Stored data:
============

(* Let $\phi^k,\phi^{k-1}\in\mathcal{G}_N$ with $\overline{\phi^k}=\overline{\phi^{k-1}}$. Then each of the following two equations has a unique solution $\phi^{k+1}\in\mathcal{G}_N$ (the two solutions being in general different): \[ \frac{\frac32\phi^{k+1}-2\phi^k+\frac12\phi^{k-1}}{\Delta t}=\Delta_N\mu_i^{k+1},\quad i=1,2, \] where \[ \mu_1^{k+1}=-\nabla_N\cdot(|\nabla_N\phi^{k+1}|^2\nabla_N\phi^{k+1})+a\phi^{k+1}+2\Delta_N(2\phi^k-\phi^{k-1})-A\Delta t\,\Delta_N(\phi^{k+1}-\phi^k)+\Delta_N^2\phi^{k+1}, \] \[ \mu_2^{k+1}=-\nabla_N\cdot(|\nabla_N\phi^{k+1}|^2\nabla_N\phi^{k+1})-\varepsilon(2\phi^k-\phi^{k-1})-A\Delta t\,\Delta_N(\phi^{k+1}-\phi^k)+(1+\Delta_N)^2\phi^{k+1}. \] Moreover the schemes are mass conservative: if a sequence $(\phi^k)_{k\ge -1}$ is generated by either scheme from data with $\overline{\phi^0}=\overline{\phi^{-1}}=:\beta_0$, then $\overline{\phi^k}=\beta_0$ for all $k\ge0$.
   Context: Let $K\in\mathbb{N}$, $N=2K+1$, $h=1/N$, $\Omega=(0,1)^3$, grid points $(ih,jh,kh)$. $\mathcal{G}_N$ is the space of real grid functions on $\mathbb{Z}^3$ that are $N$-periodic in each index; $\langle f,g\rangle=h^3\sum_{i,j,k=0}^{N-1}f_{i,j,k}g_{i,j,k}$ and $\overline f=\langle f,1\rangle$. Each $f\in\mathcal{G}_N$ has discrete Fourier expansion $f_{i,j,k}=\sum_{\ell,m,n=-K}^K\hat f_{\ell,m,n}\exp(2\pi\mathrm{i}(\ell x_i+my_j+nz_k))$; $\mathcal{D}_x$ multiplies coefficients by $2\pi\mathrm{i}\ell$ (similarly $\mathcal{D}_y,\mathcal{D}_z$ with $m,n$), $\nabla_Nf=(\mathcal{D}_xf,\mathcal{D}_yf,\mathcal{D}_zf)$, $\nabla_N\cdot(f_1,f_2,f_3)=\mathcal{D}_xf_1+\mathcal{D}_yf_2+\mathcal{D}_zf_3$, $\Delta_N$ multiplies coefficients by $-4\pi^2(\ell^2+m^2+n^2)$; products such as $|\nabla_N\phi|^2\nabla_N\phi$ are taken pointwise. Parameters: $\Delta t>0$ is the time step, $0<\varepsilon<1$, $a:=1-\varepsilon>0$, and $A\ge0$ is a constant (artificial diffusion coefficient). *)

theory Defs
  imports "HOL-Analysis.Analysis"
begin

type_synonym grid = "int \<Rightarrow> int \<Rightarrow> int \<Rightarrow> real"

definition Ngrid :: "nat \<Rightarrow> nat" where
  "Ngrid K = 2 * K + 1"

definition grid_space :: "nat \<Rightarrow> grid set" where
  "grid_space K = {f. \<forall>i j k.
      f (i + int (Ngrid K)) j k = f i j k \<and>
      f i (j + int (Ngrid K)) k = f i j k \<and>
      f i j (k + int (Ngrid K)) = f i j k}"

definition ginner :: "nat \<Rightarrow> grid \<Rightarrow> grid \<Rightarrow> real" where
  "ginner K f g = (1 / real (Ngrid K)) ^ 3 *
     (\<Sum>i\<in>{0..<int (Ngrid K)}. \<Sum>j\<in>{0..<int (Ngrid K)}. \<Sum>k\<in>{0..<int (Ngrid K)}.
        f i j k * g i j k)"

definition gmean :: "nat \<Rightarrow> grid \<Rightarrow> real" where
  "gmean K f = ginner K f (\<lambda>_ _ _. 1)"

text \<open>Discrete Fourier coefficients: f_{ijk} = sum_{l,m,n=-K}^K fhat_{lmn} exp(2 pi i (l x_i + m y_j + n z_k)),
  with x_i = i h = i/N.\<close>
definition dft :: "nat \<Rightarrow> grid \<Rightarrow> int \<Rightarrow> int \<Rightarrow> int \<Rightarrow> complex" where
  "dft K f l m n = (1 / of_nat (Ngrid K)) ^ 3 *
     (\<Sum>i\<in>{0..<int (Ngrid K)}. \<Sum>j\<in>{0..<int (Ngrid K)}. \<Sum>k\<in>{0..<int (Ngrid K)}.
        complex_of_real (f i j k) *
        cis (- 2 * pi * real_of_int (l * i + m * j + n * k) / real (Ngrid K)))"

text \<open>Fourier multiplier operator: multiply the coefficients by sigma(l,m,n) and resynthesize
  (real part; the result is real for the multipliers used below).\<close>
definition spec_op :: "nat \<Rightarrow> (int \<Rightarrow> int \<Rightarrow> int \<Rightarrow> complex) \<Rightarrow> grid \<Rightarrow> grid" where
  "spec_op K \<sigma> f = (\<lambda>i j k. Re
     (\<Sum>l\<in>{- int K..int K}. \<Sum>m\<in>{- int K..int K}. \<Sum>n\<in>{- int K..int K}.
        \<sigma> l m n * dft K f l m n *
        cis (2 * pi * real_of_int (l * i + m * j + n * k) / real (Ngrid K))))"

definition Dx :: "nat \<Rightarrow> grid \<Rightarrow> grid" where
  "Dx K = spec_op K (\<lambda>l m n. \<i> * complex_of_real (2 * pi * real_of_int l))"
definition Dy :: "nat \<Rightarrow> grid \<Rightarrow> grid" where
  "Dy K = spec_op K (\<lambda>l m n. \<i> * complex_of_real (2 * pi * real_of_int m))"
definition Dz :: "nat \<Rightarrow> grid \<Rightarrow> grid" where
  "Dz K = spec_op K (\<lambda>l m n. \<i> * complex_of_real (2 * pi * real_of_int n))"

definition Lap :: "nat \<Rightarrow> grid \<Rightarrow> grid" where
  "Lap K = spec_op K (\<lambda>l m n.
     complex_of_real (- 4 * pi ^ 2 * real_of_int (l ^ 2 + m ^ 2 + n ^ 2)))"

definition ndiv :: "nat \<Rightarrow> grid \<Rightarrow> grid \<Rightarrow> grid \<Rightarrow> grid" where
  "ndiv K f1 f2 f3 = (\<lambda>i j k. Dx K f1 i j k + Dy K f2 i j k + Dz K f3 i j k)"

definition plap_term :: "nat \<Rightarrow> grid \<Rightarrow> grid" where
  "plap_term K \<phi> =
     (let gx = Dx K \<phi>; gy = Dy K \<phi>; gz = Dz K \<phi>;
          s = (\<lambda>i j k. (gx i j k)\<^sup>2 + (gy i j k)\<^sup>2 + (gz i j k)\<^sup>2)
      in ndiv K (\<lambda>i j k. s i j k * gx i j k) (\<lambda>i j k. s i j k * gy i j k)
                (\<lambda>i j k. s i j k * gz i j k))"

text \<open>Chemical potential mu_1^{k+1} (a = 1 - eps).\<close>
definition mu1 :: "nat \<Rightarrow> real \<Rightarrow> real \<Rightarrow> real \<Rightarrow> grid \<Rightarrow> grid \<Rightarrow> grid \<Rightarrow> grid" where
  "mu1 K dt eps A \<phi> \<phi>k \<phi>km1 = (\<lambda>i j k.
      - plap_term K \<phi> i j k
      + (1 - eps) * \<phi> i j k
      + 2 * Lap K (\<lambda>i j k. 2 * \<phi>k i j k - \<phi>km1 i j k) i j k
      - A * dt * Lap K (\<lambda>i j k. \<phi> i j k - \<phi>k i j k) i j k
      + Lap K (Lap K \<phi>) i j k)"

text \<open>Chemical potential mu_2^{k+1}; (1 + Delta_N)^2 phi = phi + 2 Delta_N phi + Delta_N(Delta_N phi).\<close>
definition mu2 :: "nat \<Rightarrow> real \<Rightarrow> real \<Rightarrow> real \<Rightarrow> grid \<Rightarrow> grid \<Rightarrow> grid \<Rightarrow> grid" where
  "mu2 K dt eps A \<phi> \<phi>k \<phi>km1 = (\<lambda>i j k.
      - plap_term K \<phi> i j k
      - eps * (2 * \<phi>k i j k - \<phi>km1 i j k)
      - A * dt * Lap K (\<lambda>i j k. \<phi> i j k - \<phi>k i j k) i j k
      + (\<phi> i j k + 2 * Lap K \<phi> i j k + Lap K (Lap K \<phi>) i j k))"

definition mu_scheme :: "nat \<Rightarrow> nat \<Rightarrow> real \<Rightarrow> real \<Rightarrow> real \<Rightarrow> grid \<Rightarrow> grid \<Rightarrow> grid \<Rightarrow> grid" where
  "mu_scheme s K = (if s = 1 then mu1 K else mu2 K)"

definition scheme :: "nat \<Rightarrow> nat \<Rightarrow> real \<Rightarrow> real \<Rightarrow> real \<Rightarrow> grid \<Rightarrow> grid \<Rightarrow> grid \<Rightarrow> bool" where
  "scheme s K dt eps A \<phi> \<phi>k \<phi>km1 \<longleftrightarrow>
     (\<lambda>i j k. (3 / 2 * \<phi> i j k - 2 * \<phi>k i j k + 1 / 2 * \<phi>km1 i j k) / dt)
       = Lap K (mu_scheme s K dt eps A \<phi> \<phi>k \<phi>km1)"

end

(* Writing gamma = 3/(2 dt) and c = (4 phi^k - phi^(k-1))/3, either scheme reads
   gamma (phi - c) = Delta_N mu(phi) with mu(phi) = -div_N (|grad_N phi|^2 grad_N phi) + L phi + h,
   where h depends only on phi^k, phi^(k-1) and L is the Fourier multiplier with symbol
   (1 - eps) - A dt lambda + lambda^2, resp. (1 + lambda)^2 - A dt lambda; here
   lambda = -4 pi^2 (l^2 + m^2 + n^2) <= 0 is the symbol of Delta_N, so L >= 0.

   Uniqueness: for two solutions put w = phi - psi and v = mu(phi) - mu(psi).  Then
   Delta_N v = gamma w, so <Delta_N v, v> = gamma <w, v>.  The left side is <= 0, the right side
   is >= 0 because xi |-> |xi|^2 xi is monotone on R^3 and L >= 0; hence Delta_N v = 0 and w = 0.

   Existence: on the finite-dimensional space of mean-zero grid functions u the energy
   gamma/2 <(-Delta_N)^(-1) u, u> + 1/4 |grad_N (c + u)|_4^4 + 1/2 <L (c + u), c + u> + <h, c + u>
   is continuous and coercive, hence has a minimizer.  Its Euler-Lagrange equation says that
   gamma (-Delta_N)^(-1) u + mu(c + u) is orthogonal to all mean-zero functions, i.e. constant;
   applying Delta_N gives gamma u = Delta_N mu(c + u), so phi = c + u solves the scheme.

   Mass conservation: Delta_N annihilates means, so the means m_k satisfy
   3 m_(k+1) - 4 m_k + m_(k-1) = 0, and m_0 = m_(-1) forces m_k = m_0. *)

theory Submission
  imports Defs
begin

============

- [Action item]
Lines holding the word "ndiv" in the entries above are the ones to pull out. Copy them all.

- [Output of the task]
definition ndiv :: "nat \<Rightarrow> grid \<Rightarrow> grid \<Rightarrow> grid \<Rightarrow> grid" where
  "ndiv K f1 f2 f3 = (\<lambda>i j k. Dx K f1 i j k + Dy K f2 i j k + Dz K f3 i j k)"
      in ndiv K (\<lambda>i j k. s i j k * gx i j k) (\<lambda>i j k. s i j k * gy i j k)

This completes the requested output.